EXERCISE ▸ Show me each line of the listing below where the word "proof" appears.

AVAILABLE DATA ▸
__________________________________________________
lemma prime_products_approximate_ge_1:
  fixes f :: "nat \<Rightarrow> real"
  assumes lim: "(f \<longlongrightarrow> 1) (inf at_top (principal {p. prime p}))"
    and diverges: "\<not> ((\<lambda>p. f p - 1) summable_on {p. prime p \<and> f p > 1})"
    and "1 \<le> y" "0 < \<epsilon>"
  shows "\<exists>S. finite S \<and> (\<forall>p\<in>S. prime p \<and> L < p) \<and> \<bar>(\<Prod>p\<in>S. f p) - y\<bar> < \<epsilon>"
proof -
  define \<delta> where "\<delta> = \<epsilon> / (2 * y)"
  have "0 < \<delta>" "y * \<delta> < \<epsilon>" using assms(3,4) by (simp_all add: \<delta>_def)
  obtain N where N: "\<And>p. N \<le> p \<Longrightarrow> prime p \<Longrightarrow> \<bar>f p - 1\<bar> < \<delta>"
    using eventually_close_at_primes[OF lim \<open>0 < \<delta>\<close>] by blast
  define B where "B = {p \<in> {p. prime p \<and> f p > 1}. max N (Suc L) \<le> p}"
  define g where "g k = (\<Prod>p | p \<in> B \<and> p < k. f p)" for k
  have B: "prime p \<and> L < p \<and> 1 < f p \<and> f p < 1 + \<delta>" if "p \<in> B" for p
    using that N[of p] by (auto simp: B_def)
  have g_nonneg: "0 \<le> g k" for k
    unfolding g_def by (intro prod_nonneg) (auto dest: B)
  have g_step: "g (Suc j) \<le> (1 + \<delta>) * g j" for j
    unfolding g_def prod_filter_lessThan_Suc
  proof (rule mult_right_mono)
    show "(if j \<in> B then f j else 1) \<le> 1 + \<delta>" using B[of j] \<open>0 < \<delta>\<close> by auto
    show "0 \<le> (\<Prod>p | p \<in> B \<and> p < j. f p)" using g_nonneg[of j] by (simp add: g_def)
  qed
  have "\<not> (\<lambda>p. f p - 1) summable_on B"
    unfolding B_def by (rule not_summable_on_tail[OF diverges])
  moreover have "0 \<le> f p - 1" if "p \<in> B" for p using B[OF that] by simp
  ultimately obtain k where "y < (\<Sum>p | p \<in> B \<and> p < k. f p - 1)"
    using not_summable_on_partial_sums_unbounded[where c = y] by blast
  also have "\<dots> \<le> g k"
    using sum_le_prod[of "{p. p \<in> B \<and> p < k}" "\<lambda>p. f p - 1"] B by (fastforce simp: g_def)
  finally have "y < g k" .
  moreover have "g 0 < y + \<epsilon>" using assms(3,4) by (simp add: g_def)
  moreover have "g (Suc j) < y + \<epsilon>" if "g j \<le> y" for j
  proof -
    have "g (Suc j) \<le> (1 + \<delta>) * y"
      using g_step[of j] that \<open>0 < \<delta>\<close> by (smt (verit) mult_left_mono)
    then show ?thesis using \<open>y * \<delta> < \<epsilon>\<close> by (simp add: algebra_simps)
  qed
  ultimately obtain k where "y < g k" "g k < y + \<epsilon>" using discrete_crossing by blast
  then show ?thesis using B by (intro exI[of _ "{p. p \<in> B \<and> p < k}"]) (auto simp: g_def)
qed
__________________________________________________
TASK RESPONSE ▸
proof -
  proof (rule mult_right_mono)
  proof -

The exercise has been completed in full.